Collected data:
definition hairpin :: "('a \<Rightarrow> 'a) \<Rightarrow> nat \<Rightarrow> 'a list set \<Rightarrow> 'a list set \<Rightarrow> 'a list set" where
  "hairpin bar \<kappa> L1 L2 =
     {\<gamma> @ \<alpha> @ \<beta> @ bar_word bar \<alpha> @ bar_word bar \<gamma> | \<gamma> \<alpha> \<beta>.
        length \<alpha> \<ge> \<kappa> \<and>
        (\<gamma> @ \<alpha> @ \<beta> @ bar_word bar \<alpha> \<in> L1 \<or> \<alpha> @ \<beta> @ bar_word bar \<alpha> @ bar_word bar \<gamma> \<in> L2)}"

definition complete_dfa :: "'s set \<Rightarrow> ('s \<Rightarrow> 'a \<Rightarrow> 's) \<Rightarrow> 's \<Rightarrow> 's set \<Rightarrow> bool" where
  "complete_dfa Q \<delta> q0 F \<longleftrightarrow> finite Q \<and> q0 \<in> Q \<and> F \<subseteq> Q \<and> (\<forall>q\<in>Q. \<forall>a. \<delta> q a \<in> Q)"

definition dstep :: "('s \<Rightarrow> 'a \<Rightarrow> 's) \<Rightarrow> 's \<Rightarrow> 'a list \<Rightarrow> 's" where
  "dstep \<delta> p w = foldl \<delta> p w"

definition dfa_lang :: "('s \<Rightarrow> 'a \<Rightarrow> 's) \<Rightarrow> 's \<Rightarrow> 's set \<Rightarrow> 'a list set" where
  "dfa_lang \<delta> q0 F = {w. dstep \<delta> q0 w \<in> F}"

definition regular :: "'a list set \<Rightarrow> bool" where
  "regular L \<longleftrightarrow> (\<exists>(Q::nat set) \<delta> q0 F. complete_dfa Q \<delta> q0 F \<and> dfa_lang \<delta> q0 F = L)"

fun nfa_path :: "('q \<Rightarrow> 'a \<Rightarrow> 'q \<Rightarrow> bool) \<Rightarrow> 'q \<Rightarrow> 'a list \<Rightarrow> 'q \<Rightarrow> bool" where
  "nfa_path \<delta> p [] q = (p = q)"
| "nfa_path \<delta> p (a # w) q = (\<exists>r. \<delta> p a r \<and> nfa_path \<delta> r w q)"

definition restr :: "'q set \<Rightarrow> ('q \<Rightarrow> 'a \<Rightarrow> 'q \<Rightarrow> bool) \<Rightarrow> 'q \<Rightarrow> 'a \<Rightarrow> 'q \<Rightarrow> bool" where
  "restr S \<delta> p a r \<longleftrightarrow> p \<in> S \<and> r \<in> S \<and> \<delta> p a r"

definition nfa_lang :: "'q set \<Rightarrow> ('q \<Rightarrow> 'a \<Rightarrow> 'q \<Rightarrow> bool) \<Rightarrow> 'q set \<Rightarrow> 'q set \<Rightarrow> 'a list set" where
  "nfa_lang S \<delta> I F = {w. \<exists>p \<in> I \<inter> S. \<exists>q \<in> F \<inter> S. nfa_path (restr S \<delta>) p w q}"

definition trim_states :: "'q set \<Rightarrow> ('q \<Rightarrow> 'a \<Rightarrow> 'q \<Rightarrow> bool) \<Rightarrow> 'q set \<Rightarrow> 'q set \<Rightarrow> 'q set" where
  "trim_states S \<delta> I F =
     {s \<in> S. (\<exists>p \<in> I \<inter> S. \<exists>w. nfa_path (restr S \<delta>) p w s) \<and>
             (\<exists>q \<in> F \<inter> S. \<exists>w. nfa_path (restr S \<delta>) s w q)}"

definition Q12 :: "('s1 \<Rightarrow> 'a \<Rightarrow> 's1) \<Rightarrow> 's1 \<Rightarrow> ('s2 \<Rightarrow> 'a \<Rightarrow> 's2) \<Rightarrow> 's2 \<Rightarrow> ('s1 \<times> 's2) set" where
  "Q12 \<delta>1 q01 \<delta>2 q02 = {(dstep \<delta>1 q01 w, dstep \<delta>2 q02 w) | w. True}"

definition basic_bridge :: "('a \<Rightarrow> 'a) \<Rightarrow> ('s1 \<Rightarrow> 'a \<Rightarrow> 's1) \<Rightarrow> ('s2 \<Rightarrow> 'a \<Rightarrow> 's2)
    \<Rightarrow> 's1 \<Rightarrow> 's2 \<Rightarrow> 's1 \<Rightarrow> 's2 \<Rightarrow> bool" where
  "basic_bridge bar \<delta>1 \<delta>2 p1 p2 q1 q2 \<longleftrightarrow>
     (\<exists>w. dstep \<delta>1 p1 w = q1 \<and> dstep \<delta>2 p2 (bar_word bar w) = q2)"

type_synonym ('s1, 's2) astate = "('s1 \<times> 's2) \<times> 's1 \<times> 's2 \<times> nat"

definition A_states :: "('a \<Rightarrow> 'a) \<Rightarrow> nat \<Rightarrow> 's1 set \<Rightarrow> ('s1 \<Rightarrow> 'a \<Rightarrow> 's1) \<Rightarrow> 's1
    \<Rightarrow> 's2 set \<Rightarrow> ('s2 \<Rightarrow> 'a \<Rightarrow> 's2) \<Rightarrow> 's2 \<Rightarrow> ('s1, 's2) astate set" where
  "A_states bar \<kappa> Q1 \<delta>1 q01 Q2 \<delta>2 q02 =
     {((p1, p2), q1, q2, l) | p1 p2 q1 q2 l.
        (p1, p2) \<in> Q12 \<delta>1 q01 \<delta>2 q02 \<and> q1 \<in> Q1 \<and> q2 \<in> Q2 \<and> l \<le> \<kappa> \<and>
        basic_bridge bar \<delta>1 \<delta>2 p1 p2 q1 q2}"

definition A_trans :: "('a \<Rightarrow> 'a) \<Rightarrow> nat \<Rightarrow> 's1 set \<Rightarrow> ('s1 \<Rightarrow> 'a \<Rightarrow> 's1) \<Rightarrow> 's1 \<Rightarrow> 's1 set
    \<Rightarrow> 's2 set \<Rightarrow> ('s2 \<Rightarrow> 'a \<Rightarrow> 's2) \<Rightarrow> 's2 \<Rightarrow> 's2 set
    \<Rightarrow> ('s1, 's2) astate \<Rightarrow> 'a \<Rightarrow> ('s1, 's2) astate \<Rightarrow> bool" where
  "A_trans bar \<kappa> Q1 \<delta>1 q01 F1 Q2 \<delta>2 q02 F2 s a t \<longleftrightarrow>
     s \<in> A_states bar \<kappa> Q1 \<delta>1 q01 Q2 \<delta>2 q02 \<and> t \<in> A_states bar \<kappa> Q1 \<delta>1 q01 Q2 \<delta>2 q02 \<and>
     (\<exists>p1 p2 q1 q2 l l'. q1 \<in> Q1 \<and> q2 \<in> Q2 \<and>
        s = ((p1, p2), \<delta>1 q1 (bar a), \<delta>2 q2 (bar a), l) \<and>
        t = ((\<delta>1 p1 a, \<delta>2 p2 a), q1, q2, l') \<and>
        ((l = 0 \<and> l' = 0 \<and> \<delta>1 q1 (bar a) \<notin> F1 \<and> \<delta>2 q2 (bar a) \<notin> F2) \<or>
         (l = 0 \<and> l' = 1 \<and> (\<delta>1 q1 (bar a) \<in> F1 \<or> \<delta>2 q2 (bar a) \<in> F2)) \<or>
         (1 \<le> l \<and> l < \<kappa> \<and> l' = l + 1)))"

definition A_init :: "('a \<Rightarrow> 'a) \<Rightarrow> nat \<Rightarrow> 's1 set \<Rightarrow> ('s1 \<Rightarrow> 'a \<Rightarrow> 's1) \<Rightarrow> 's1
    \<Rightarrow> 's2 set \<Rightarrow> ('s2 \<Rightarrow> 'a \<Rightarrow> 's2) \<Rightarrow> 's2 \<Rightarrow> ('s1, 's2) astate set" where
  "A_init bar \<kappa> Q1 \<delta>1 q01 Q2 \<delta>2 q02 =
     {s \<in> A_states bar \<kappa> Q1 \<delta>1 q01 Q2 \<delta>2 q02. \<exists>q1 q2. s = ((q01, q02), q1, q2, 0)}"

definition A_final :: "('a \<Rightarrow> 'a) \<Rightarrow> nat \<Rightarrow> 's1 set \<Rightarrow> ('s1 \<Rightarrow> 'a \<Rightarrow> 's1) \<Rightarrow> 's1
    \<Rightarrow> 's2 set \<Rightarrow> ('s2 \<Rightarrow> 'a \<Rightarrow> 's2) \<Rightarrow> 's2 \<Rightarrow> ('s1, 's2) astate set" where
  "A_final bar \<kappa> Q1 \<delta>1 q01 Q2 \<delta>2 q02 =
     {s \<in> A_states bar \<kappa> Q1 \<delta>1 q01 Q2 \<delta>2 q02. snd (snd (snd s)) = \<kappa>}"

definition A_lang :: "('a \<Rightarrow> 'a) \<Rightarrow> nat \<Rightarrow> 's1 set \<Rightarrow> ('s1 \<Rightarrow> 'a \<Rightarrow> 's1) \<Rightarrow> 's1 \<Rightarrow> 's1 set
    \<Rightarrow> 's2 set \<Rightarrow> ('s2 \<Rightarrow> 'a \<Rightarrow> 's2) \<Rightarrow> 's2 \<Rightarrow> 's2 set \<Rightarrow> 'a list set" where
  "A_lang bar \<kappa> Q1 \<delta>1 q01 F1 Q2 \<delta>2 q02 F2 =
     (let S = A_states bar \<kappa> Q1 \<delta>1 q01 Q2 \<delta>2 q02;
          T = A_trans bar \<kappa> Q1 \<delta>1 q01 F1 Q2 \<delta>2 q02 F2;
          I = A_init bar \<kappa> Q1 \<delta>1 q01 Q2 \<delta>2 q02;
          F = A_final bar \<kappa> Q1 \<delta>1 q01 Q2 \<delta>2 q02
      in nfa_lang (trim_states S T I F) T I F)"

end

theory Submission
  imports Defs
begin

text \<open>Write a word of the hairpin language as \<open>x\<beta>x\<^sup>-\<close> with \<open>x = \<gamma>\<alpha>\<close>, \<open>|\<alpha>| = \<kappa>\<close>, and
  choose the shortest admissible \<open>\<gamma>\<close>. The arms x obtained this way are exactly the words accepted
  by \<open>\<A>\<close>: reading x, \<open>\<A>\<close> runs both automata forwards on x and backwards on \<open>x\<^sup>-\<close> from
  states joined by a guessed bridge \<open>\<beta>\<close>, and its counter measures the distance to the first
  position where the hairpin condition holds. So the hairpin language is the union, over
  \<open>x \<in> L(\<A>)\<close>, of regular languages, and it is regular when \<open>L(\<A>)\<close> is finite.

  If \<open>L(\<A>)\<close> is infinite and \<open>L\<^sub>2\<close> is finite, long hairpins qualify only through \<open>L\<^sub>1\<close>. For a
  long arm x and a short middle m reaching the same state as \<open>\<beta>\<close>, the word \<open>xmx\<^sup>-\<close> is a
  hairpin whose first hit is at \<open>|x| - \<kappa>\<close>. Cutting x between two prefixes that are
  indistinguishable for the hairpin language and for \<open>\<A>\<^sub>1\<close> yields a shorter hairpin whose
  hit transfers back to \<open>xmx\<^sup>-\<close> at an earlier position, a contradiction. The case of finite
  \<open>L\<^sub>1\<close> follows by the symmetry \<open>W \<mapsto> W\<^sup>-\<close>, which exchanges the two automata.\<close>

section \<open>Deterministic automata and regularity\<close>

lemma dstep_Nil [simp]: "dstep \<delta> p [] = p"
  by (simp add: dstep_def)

BRIEF: The answer must consist of every line in the records above that contains the word "inter".

ANSWER:
  "nfa_lang S \<delta> I F = {w. \<exists>p \<in> I \<inter> S. \<exists>q \<in> F \<inter> S. nfa_path (restr S \<delta>) p w q}"
     {s \<in> S. (\<exists>p \<in> I \<inter> S. \<exists>w. nfa_path (restr S \<delta>) p w s) \<and>
             (\<exists>q \<in> F \<inter> S. \<exists>w. nfa_path (restr S \<delta>) s w q)}"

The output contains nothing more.